Los guardianes, enredados en sus conflictos personales y discrepancias internas, se desentendieron de ella. La comida se enfriaba en el plato y tanto el mayordomo como su mujer parecían no enterarse de nada. Los días se hicieron más largos y áridos. Tanto, que hasta añoraba a veces los momentos peores de los primeros días. Perdió el interés por la vida. Lloró. Una mañana al despertar se dio cuenta horrorizada de que su brazo derecho se alzaba por sí solo.

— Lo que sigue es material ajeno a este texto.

lemma path_Cons:
  assumes p: "is_path V E p" and q: "q \<in> V" "q \<notin> set p" "{q, hd p} \<in> E"
  shows "is_path V E (q # p)"
  unfolding is_path_def
proof (intro conjI allI impI)
  fix i assume "Suc i < length (q # p)"
  then show "{(q # p) ! i, (q # p) ! Suc i} \<in> E"
    using p q path_edge[OF p] by (cases i) (auto simp: is_path_def hd_conv_nth)
qed (use p q in \<open>auto simp: is_path_def\<close>)

lemma path_snoc:
  assumes p: "is_path V E p" and y: "y \<in> V" "y \<notin> set p" "{last p, y} \<in> E"
  shows "is_path V E (p @ [y])"
  unfolding is_path_def
proof (intro conjI allI impI)
  fix i assume i: "Suc i < length (p @ [y])"
  show "{(p @ [y]) ! i, (p @ [y]) ! Suc i} \<in> E"
  proof (cases "Suc i < length p")
    case True
    then show ?thesis using path_edge[OF p] by (simp add: nth_append)
  next
    case False
    with i have "i = length p - 1" "p \<noteq> []" by auto
    with y show ?thesis by (simp add: nth_append last_conv_nth)
  qed
qed (use p y in \<open>auto simp: is_path_def\<close>)

lemma path_remove_unused_edge:
  assumes "is_path V (insert e E) p" "\<And>i. Suc i < length p \<Longrightarrow> {p ! i, p ! Suc i} \<noteq> e"
  shows "is_path V E p"
  using assms unfolding is_path_def by blast
lemma sum_cond_expectation_le:
  fixes f :: "'a \<Rightarrow> real"
  assumes fin: "finite (set_pmf P)" and "finite I" and disj: "disjoint_family_on C I"
    and f_nonneg: "\<And>z. z \<in> set_pmf P \<Longrightarrow> f z \<ge> 0"
  shows "(\<Sum>i\<in>I. measure_pmf.prob P (C i) * measure_pmf.expectation (cond_pmf P (C i)) f)
    \<le> measure_pmf.expectation P f"
proof -
  have "(\<Sum>i\<in>I. measure_pmf.prob P (C i) * measure_pmf.expectation (cond_pmf P (C i)) f)
      = (\<Sum>i\<in>I. measure_pmf.expectation P (\<lambda>z. indicator (C i) z * f z))"
    by (simp add: measure_mult_cond_expectation[OF fin])
  also have "\<dots> = measure_pmf.expectation P (\<lambda>z. \<Sum>i\<in>I. indicator (C i) z * f z)"
    by (simp add: integrable_measure_pmf_finite[OF fin])
  also have "\<dots> = measure_pmf.expectation P (\<lambda>z. indicator (\<Union>i\<in>I. C i) z * f z)"
    using disj \<open>finite I\<close> by (simp add: sum_distrib_right[symmetric] indicator_UN_disjoint)
  also have "\<dots> \<le> measure_pmf.expectation P f"
    using fin f_nonneg
    by (intro integral_mono_AE) (auto simp: integrable_measure_pmf_finite AE_measure_pmf_iff indicator_def)
  finally show ?thesis .
qed

lemma half_length_mult_ge:
  fixes n :: nat and \<phi> c :: real
  assumes "0 < \<phi>" "\<phi> \<le> c / 2" "c \<le> real n * \<phi>"
  shows "real (n div 2) * \<phi> \<ge> c / 4"
proof -
  have "2 * real (n div 2) \<ge> real n - 1" by linarith
  hence "2 * (real (n div 2) * \<phi>) \<ge> real n * \<phi> - \<phi>"
    using mult_right_mono[of "real n - 1" "2 * real (n div 2)" \<phi>] assms by (simp add: algebra_simps)
  thus ?thesis using assms by linarith
qed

El relevo de la guardia de febrero fue providencial. En vez de la pandilla de Barrabás mandaron cuatro muchachos nuevos, serios, disciplinados y conversadores. Tenían buenos modales y una facilidad de expresión que fueron un alivio para Maruja. De entrada la invitaron a jugar nintendo y otras diversiones de televisión. El juego los acercó. Ella notó desde el principio que tenían un lenguaje común, y eso les facilitó una comunicación. Sin duda habían sido instruidos para vencer su resistencia y levantarle la moral con un trato distinto, pues empezaron a convencerla de que siguiera con la orden médica de caminar en el patio, de que pensara en su esposo, en sus hijos, y en no defraudar la esperanza que éstos tenían de verla pronto y en buen estado.

El ambiente fue propicio para los desahogos. Consciente de que también ellos eran prisioneros y tal vez necesitaban de ella, Maruja les contaba sus experiencias con tres hijos varones que ya habían pasado por la adolescencia. Les contó episodios significativos de su crianza y educación, de sus costumbres y sus gustos. También los guardianes, ya más confiados, le hablaron de sus vidas.

Todos eran bachilleres y uno de ellos había hecho por lo menos un semestre de universidad. Al contrario de los anteriores, decían pertenecer a familias de clase media, pero de una u otra manera estaban marcados por la cultura de las comunas de Medellín. El mayor de ellos, de veinticuatro años, a quien llamaban la Hormiga, era alto y apuesto, y de índole reservada. Había interrumpido sus estudios universitarios cuando sus padres murieron en un accidente de tránsito y no había encontrado más salida que el sicariato. Otro, a quien llamaban Tiburón, contaba divertido que había aprobado la mitad del bachillerato amenazando a sus profesores con un revólver de juguete. Al más alegre del equipo, y de todos los que pasaron por allí, lo llamaban el Trompo y lo parecía, en efecto. Era muy gordo, de piernas cortas y frágiles, y su afición por el baile llegaba a extremos de locura. Alguna vez puso en la grabadora una cinta de salsa después del desayuno, y la bailó sin interrupción y con ímpetu frenético hasta el final de su turno. El más formal, hijo de una maestra de escuela, era lector de literatura y de periódicos, y estaba bien informado de la actualidad del país. Sólo tenía una explicación para estar en aquella vida: «Porque es muy chévere».